2. WHAT IS CAPITAL BUDGETING ?
• The process through which different projects are evaluated is
known as capital budgeting.
• Capital budgeting is the process a business undertakes to
evaluate potential major projects or investments. Construction
of a new plant or a big investment in an outside venture are
examples of projects that would require capital budgeting
before they are approved or rejected.
3. METHODS OF CAPITAL BUDGETING :
• Traditional methods:
1. Payback period
2. Accounting rate of return method
4. • Discounted cash flow methods:
1. Net present value method
2. Profitability index method
3. Internal rate of return
5. PAYBACK PERIOD METHOD:
• It is the method of evaluating investment opportunities and product
development projects on the basis of the time taken to recoup the
investment.
• This period is compared to the required payback period to determine
the acceptability of the investment proposal.
PBP= Cash outflow / cash inflow
6. AVERAGE RATE OF RETURN METHOD:
• ARR means the average annual earning on the project. Under
this method, profit after tax and depreciation is considered.

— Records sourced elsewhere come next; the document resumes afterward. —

lemma nn_integral_PiM_extend_slice:
  fixes F :: "('a \<times> 'b \<Rightarrow> real) \<Rightarrow> ennreal"
  assumes I: "finite I" and J: "finite J" and fresh: "\<And>j. (j, s) \<notin> I"
    and F: "F \<in> borel_measurable (PiM I (\<lambda>_. lborel))"
    and F_restrict: "\<And>y. F y = F (restrict y I)"
    and K: "\<And>j. j \<in> J \<Longrightarrow> (\<lambda>(x, z). K j x z) \<in> borel_measurable (PiM I (\<lambda>_. lborel) \<Otimes>\<^sub>M borel)"
  shows "(\<integral>\<^sup>+y. F y * (\<Prod>j\<in>J. K j (restrict y I) (y (j, s))) \<partial>PiM (I \<union> J \<times> {s}) (\<lambda>_. lborel))
       = (\<integral>\<^sup>+x. F x * (\<Prod>j\<in>J. \<integral>\<^sup>+z. K j x z \<partial>lborel) \<partial>PiM I (\<lambda>_. lborel))"
proof -
  interpret product_sigma_finite "\<lambda>_::'a \<times> 'b. lborel :: real measure" by standard
  let ?J = "J \<times> {s}"
  have disj: "I \<inter> ?J = {}" using fresh by auto
  have inner: "(\<integral>\<^sup>+w. F (merge I ?J (x, w)) *
          (\<Prod>j\<in>J. K j (restrict (merge I ?J (x, w)) I) (merge I ?J (x, w) (j, s))) \<partial>PiM ?J (\<lambda>_. lborel))
        = F x * (\<Prod>j\<in>J. \<integral>\<^sup>+z. K j x z \<partial>lborel)"
    if x: "x \<in> space (PiM I (\<lambda>_. lborel))" for x
  proof -
    have restr: "restrict (merge I ?J (x, w)) I = x" for w
      using x by (auto simp: merge_def restrict_def space_PiM PiE_def extensional_def fun_eq_iff)
    have fresh_coord: "merge I ?J (x, w) (j, s) = w (j, s)" if "j \<in> J" for w j
      using fresh that by (auto simp: merge_def)
    have F_merge: "F (merge I ?J (x, w)) = F x" for w
      by (metis F_restrict restr)
    have Kx: "K j x \<in> borel_measurable borel" if "j \<in> J" for j
      using measurable_Pair_compose_split[OF K[OF that] measurable_const[OF x] measurable_ident]
      by simp
    have "(\<integral>\<^sup>+w. F (merge I ?J (x, w)) *
          (\<Prod>j\<in>J. K j (restrict (merge I ?J (x, w)) I) (merge I ?J (x, w) (j, s))) \<partial>PiM ?J (\<lambda>_. lborel))
        = (\<integral>\<^sup>+w. F x * (\<Prod>j\<in>J. K j x (w (j, s))) \<partial>PiM ?J (\<lambda>_. lborel))"
      by (intro nn_integral_cong arg_cong2[where f = "(*)"] prod.cong) (simp_all add: F_merge restr fresh_coord)
    also have "\<dots> = F x * (\<integral>\<^sup>+w. (\<Prod>j\<in>J. K j x (w (j, s))) \<partial>PiM ?J (\<lambda>_. lborel))"
      using Kx by (intro nn_integral_cmult borel_measurable_prod_ennreal
          measurable_compose[OF measurable_component_singleton]) auto
    also have "\<dots> = F x * (\<Prod>j\<in>J. \<integral>\<^sup>+z. K j x z \<partial>lborel)"
      using nn_integral_PiM_slice[OF J, of "\<lambda>j. K j x" s] Kx by simp
    finally show ?thesis .
  qed
  have "(\<integral>\<^sup>+y. F y * (\<Prod>j\<in>J. K j (restrict y I) (y (j, s))) \<partial>PiM (I \<union> ?J) (\<lambda>_. lborel))
     = (\<integral>\<^sup>+x. (\<integral>\<^sup>+w. F (merge I ?J (x, w)) *
          (\<Prod>j\<in>J. K j (restrict (merge I ?J (x, w)) I) (merge I ?J (x, w) (j, s))) \<partial>PiM ?J (\<lambda>_. lborel))
        \<partial>PiM I (\<lambda>_. lborel))"
    using J by (intro product_nn_integral_fold[OF disj I] measurable_PiM_extend_slice F F_restrict K) auto
  also have "\<dots> = (\<integral>\<^sup>+x. F x * (\<Prod>j\<in>J. \<integral>\<^sup>+z. K j x z \<partial>lborel) \<partial>PiM I (\<lambda>_. lborel))"
    by (intro nn_integral_cong inner)
  finally show ?thesis .
qed

definition chain_weight :: "'a set \<Rightarrow> 'b list \<Rightarrow> ('a \<Rightarrow> real \<Rightarrow> ennreal)
    \<Rightarrow> ('a \<Rightarrow> nat \<Rightarrow> real \<Rightarrow> real \<Rightarrow> ennreal) \<Rightarrow> nat \<Rightarrow> ('a \<times> 'b \<Rightarrow> real) \<Rightarrow> ennreal" where
  "chain_weight J ts q K m y =
     (\<Prod>j\<in>J. q j (y (j, ts ! 0)) * (\<Prod>i\<in>{1..<m}. K j i (y (j, ts ! (i - 1))) (y (j, ts ! i))))"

The average rate of return can be calculated in the following
two ways.
7. ARR on Average investment = (Average Profit After Tax / Average
Investment) * 100
• ARR on Initial investment = (Average Profit After Tax / Initial
Investment) * 100
8. DISCOUNTED CASH FLOW METHOD:
• Discounted cash flow (DCF) is a model or method of valuation
in which future cash flows are discounted back to a present
value using the time-value of money.
• An investment’s worth is equal to the present value of all
projected future cash flows.
9. NET PRESENT VALUE METHOD
• It is the best method for evaluation of investment proposal.
This method takes into account time value of money. NPV= PV
of inflows- PV of outflows.
Evaluation of Net Present Value Method:-
Project with the higher NPV should be selected.
Accept if NPV>0
Reject NPV<0
May or may not accept NPV=0
10. PROFITABILITY INDEX METHOD:
• As the NPV method it is also shows that project is accepted or
not. If Profitability index is higher than 1, the proposal can be
accepted.
Accepted PI>1
Rejected PI<1
Profitability index =Total Cash Inflows / Total Cash Outflows
11. INTERNAL RATE OF RETURN METHOD:
• IRR is the rate of return that a project earns. The rate of
discount calculated by trial and error , where the present value
of future cash flows is equal to the present value of outflows, is
known as the Internal Rate of Return.